§ **Exercise prompt**: Where does "finally" appear in the data? Return each line that holds it.

§ **Extracted data**:
··········

lemma lborel_integrable_translate:
  fixes g :: "'a::euclidean_space \<Rightarrow> real" and c :: 'a
  assumes [measurable]: "g \<in> borel_measurable borel" and "integrable lborel g"
  shows "integrable lborel (\<lambda>x. g (x + c))"
proof -
  have "integrable (distr lborel borel ((+) c)) g"
    using assms by (simp add: lborel_distr_plus)
  then have "integrable lborel (\<lambda>x. g (c + x))"
    by (subst (asm) integrable_distr_eq) auto
  then show ?thesis by (simp add: add.commute)
qed

lemma integral_Icc_directional_derivative:
  fixes p :: "'a::euclidean_space \<Rightarrow> real" and p' :: "'a \<Rightarrow> 'a"
  assumes p_deriv: "\<And>x. (p has_derivative (\<lambda>h. p' x \<bullet> h)) (at x)"
    and p'_cont: "continuous_on UNIV p'" and t: "t \<ge> 0"
  shows "(\<integral>s. indicator {0..t} s * (p' (x + s *\<^sub>R e) \<bullet> e) \<partial>lborel) = p (x + t *\<^sub>R e) - p x"
proof -
  have "(\<integral>s. indicator {0..t} s * (p' (x + s *\<^sub>R e) \<bullet> e) \<partial>lborel)
      = (LBINT s=ereal 0..ereal t. p' (x + s *\<^sub>R e) \<bullet> e)"
    using t interval_integral_Icc[of 0 t "\<lambda>s. p' (x + s *\<^sub>R e) \<bullet> e"]
    by (simp add: set_lebesgue_integral_def zero_ereal_def)
  also have "\<dots> = p (x + t *\<^sub>R e) - p (x + 0 *\<^sub>R e)"
  proof (rule interval_integral_FTC_finite)
    show "continuous_on {min 0 t..max 0 t} (\<lambda>s. p' (x + s *\<^sub>R e) \<bullet> e)"
      by (intro continuous_intros continuous_on_compose2[OF p'_cont]) auto
    fix s
    have "((\<lambda>s. x + s *\<^sub>R e) has_derivative (\<lambda>h. h *\<^sub>R e)) (at s)"
      by (auto intro!: derivative_eq_intros)
    from has_derivative_compose[OF this p_deriv]
    have "((\<lambda>s. p (x + s *\<^sub>R e)) has_vector_derivative (p' (x + s *\<^sub>R e) \<bullet> e)) (at s)"
      by (simp add: has_vector_derivative_def mult.commute)
    then show "((\<lambda>s. p (x + s *\<^sub>R e)) has_vector_derivative (p' (x + s *\<^sub>R e) \<bullet> e))
        (at s within {min 0 t..max 0 t})"
      by (rule has_vector_derivative_at_within)
  qed
  finally show ?thesis by simp
qed

lemma integrable_translated_pairing:
  fixes p' :: "'a::euclidean_space \<Rightarrow> 'a" and f :: "'a \<Rightarrow> real"
  assumes [measurable]: "p' \<in> borel_measurable borel" "f \<in> borel_measurable borel"
    and p'_int: "integrable lborel (\<lambda>x. norm (p' x))"
    and f_bound: "\<And>x. \<bar>f x\<bar> \<le> F"
  shows "integrable (lborel \<Otimes>\<^sub>M lborel)
           (\<lambda>(s, x). indicator {0..t} s * ((p' (x + s *\<^sub>R e) \<bullet> e) * f x))"
    (is "integrable _ ?G")
proof (rule integrableI_bounded)
  show "?G \<in> borel_measurable (lborel \<Otimes>\<^sub>M lborel)" by measurable
  have F: "F \<ge> 0" using f_bound[of 0] by linarith
  define N where "N = (\<integral>x. norm (p' x) \<partial>lborel)"
  have N: "(\<integral>\<^sup>+x. ennreal (norm (p' (x + s *\<^sub>R e))) \<partial>lborel) = ennreal N" for s
    using lborel_nn_integral_translate[of "\<lambda>x. ennreal (norm (p' x))" "s *\<^sub>R e"]
      nn_integral_eq_integral[OF p'_int] by (simp add: N_def)
  have section_le:
    "(\<integral>\<^sup>+x. ennreal (norm (?G (s, x))) \<partial>lborel) \<le> ennreal (F * norm e * N) * indicator {0..t} s"
    for s
  proof -
    have "(\<integral>\<^sup>+x. ennreal (norm (?G (s, x))) \<partial>lborel)
        \<le> (\<integral>\<^sup>+x. ennreal (indicator {0..t} s * (F * norm e)) * ennreal (norm (p' (x + s *\<^sub>R e)))
             \<partial>lborel)"
    proof (intro nn_integral_mono)
      fix x
      have "norm (?G (s, x)) = indicator {0..t} s * (\<bar>p' (x + s *\<^sub>R e) \<bullet> e\<bar> * \<bar>f x\<bar>)"
        by (simp add: abs_mult indicator_def)
      also have "\<dots> \<le> indicator {0..t} s * ((norm (p' (x + s *\<^sub>R e)) * norm e) * F)"
        by (intro mult_left_mono mult_mono Cauchy_Schwarz_ineq2 f_bound) auto
      also have "\<dots> = indicator {0..t} s * (F * norm e) * norm (p' (x + s *\<^sub>R e))"
        by (simp add: ac_simps)
      finally show "ennreal (norm (?G (s, x)))
          \<le> ennreal (indicator {0..t} s * (F * norm e)) * ennreal (norm (p' (x + s *\<^sub>R e)))"
        by (simp add: ennreal_mult'[symmetric] F ennreal_leI)
    qed
    also have "\<dots> = ennreal (indicator {0..t} s * (F * norm e)) * ennreal N"
      by (subst nn_integral_cmult) (simp_all add: N)
    also have "\<dots> = ennreal (F * norm e * N) * indicator {0..t} s"
      by (cases "s \<in> {0..t}") (simp_all add: ennreal_mult'[symmetric] F N_def)
    finally show ?thesis .
  qed
  have "(\<integral>\<^sup>+z. ennreal (norm (?G z)) \<partial>(lborel \<Otimes>\<^sub>M lborel))
      = (\<integral>\<^sup>+s. (\<integral>\<^sup>+x. ennreal (norm (?G (s, x))) \<partial>lborel) \<partial>lborel)"
    by (rule lborel.nn_integral_fst[symmetric]) measurable
  also have "\<dots> \<le> (\<integral>\<^sup>+s. ennreal (F * norm e * N) * indicator {0..t} s \<partial>lborel)"
    by (intro nn_integral_mono section_le)
  also have "\<dots> < \<infinity>"
    by (simp add: nn_integral_cmult_indicator ennreal_mult_less_top emeasure_lborel_Icc_eq)
  finally show "(\<integral>\<^sup>+z. ennreal (norm (?G z)) \<partial>(lborel \<Otimes>\<^sub>M lborel)) < \<infinity>" .
qed
lemma hessian_form_bounds:
  fixes g :: "real^'d \<Rightarrow> real^'d" and H :: "real^'d \<Rightarrow> real^'d^'d"
  assumes dg: "\<And>y. (g has_derivative (\<lambda>h. H y *v h)) (at y)"
    and strong: "\<And>y y'. \<mu> * (norm (y - y'))\<^sup>2 \<le> (g y - g y') \<bullet> (y - y')"
    and smooth: "\<And>y y'. (g y - g y') \<bullet> (y - y') \<le> L * (norm (y - y'))\<^sup>2"
  shows "\<mu> * (norm v)\<^sup>2 \<le> v \<bullet> (H y *v v) \<and> v \<bullet> (H y *v v) \<le> L * (norm v)\<^sup>2"
proof -
  define \<phi> where "\<phi> r = v \<bullet> g (y + r *\<^sub>R v)" for r
  have "DERIV \<phi> 0 :> ((v v* H (y + 0 *\<^sub>R v)) \<bullet> v)"
    unfolding \<phi>_def by (intro has_real_derivative_along_line has_derivative_inner_matrix_vector dg)
  hence "DERIV \<phi> 0 :> v \<bullet> (H y *v v)" by (simp add: dot_lmul_matrix)
  hence "((\<lambda>r. (\<phi> r - \<phi> 0) / (r - 0)) \<longlongrightarrow> v \<bullet> (H y *v v)) (at 0)"
    by (simp add: has_field_derivative_iff)
  hence T: "((\<lambda>r. (\<phi> r - \<phi> 0) / r) \<longlongrightarrow> v \<bullet> (H y *v v)) (at_right 0)"
    using tendsto_mono[OF at_le[OF subset_UNIV]] by simp
  have quot: "(\<phi> r - \<phi> 0) / r = ((g (y + r *\<^sub>R v) - g y) \<bullet> ((y + r *\<^sub>R v) - y)) / r^2" if "r > 0" for r
    using that by (simp add: \<phi>_def inner_diff_left inner_diff_right inner_commute power2_eq_square field_simps)
  have n2: "(norm ((y + r *\<^sub>R v) - y))\<^sup>2 = r^2 * (norm v)\<^sup>2" for r
    by (simp add: power_mult_distrib)
  have lo: "\<mu> * (norm v)\<^sup>2 \<le> (\<phi> r - \<phi> 0) / r" if "r > 0" for r
  proof -
    have "\<mu> * (r^2 * (norm v)\<^sup>2) \<le> ((g (y + r *\<^sub>R v) - g y) \<bullet> ((y + r *\<^sub>R v) - y))"
      using strong[of "y + r *\<^sub>R v" y] n2[of r] by simp
    hence "\<mu> * (norm v)\<^sup>2 \<le> ((g (y + r *\<^sub>R v) - g y) \<bullet> ((y + r *\<^sub>R v) - y)) / r^2"
      using that by (simp add: le_divide_eq algebra_simps)
    then show ?thesis using quot[OF that] by simp
  qed
  have hi: "(\<phi> r - \<phi> 0) / r \<le> L * (norm v)\<^sup>2" if "r > 0" for r
  proof -
    have "((g (y + r *\<^sub>R v) - g y) \<bullet> ((y + r *\<^sub>R v) - y)) \<le> L * (r^2 * (norm v)\<^sup>2)"
      using smooth[of "y + r *\<^sub>R v" y] n2[of r] by simp
    hence "((g (y + r *\<^sub>R v) - g y) \<bullet> ((y + r *\<^sub>R v) - y)) / r^2 \<le> L * (norm v)\<^sup>2"
      using that by (simp add: divide_le_eq algebra_simps)
    then show ?thesis using quot[OF that] by simp
  qed
  have ev: "\<forall>\<^sub>F r in at_right 0. (0::real) < r" by (rule eventually_at_right_less)
  show ?thesis
  proof
    show "\<mu> * (norm v)\<^sup>2 \<le> v \<bullet> (H y *v v)"
      by (rule tendsto_lowerbound[OF T]) (auto intro: eventually_mono[OF ev] lo)
    show "v \<bullet> (H y *v v) \<le> L * (norm v)\<^sup>2"
      by (rule tendsto_upperbound[OF T]) (auto intro: eventually_mono[OF ev] hi)
  qed
qed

··········

§ **Answer section**:
  finally show ?thesis by simp
      finally show "ennreal (norm (?G (s, x)))
    finally show ?thesis .
  finally show "(\<integral>\<^sup>+z. ennreal (norm (?G z)) \<partial>(lborel \<Otimes>\<^sub>M lborel)) < \<infinity>" .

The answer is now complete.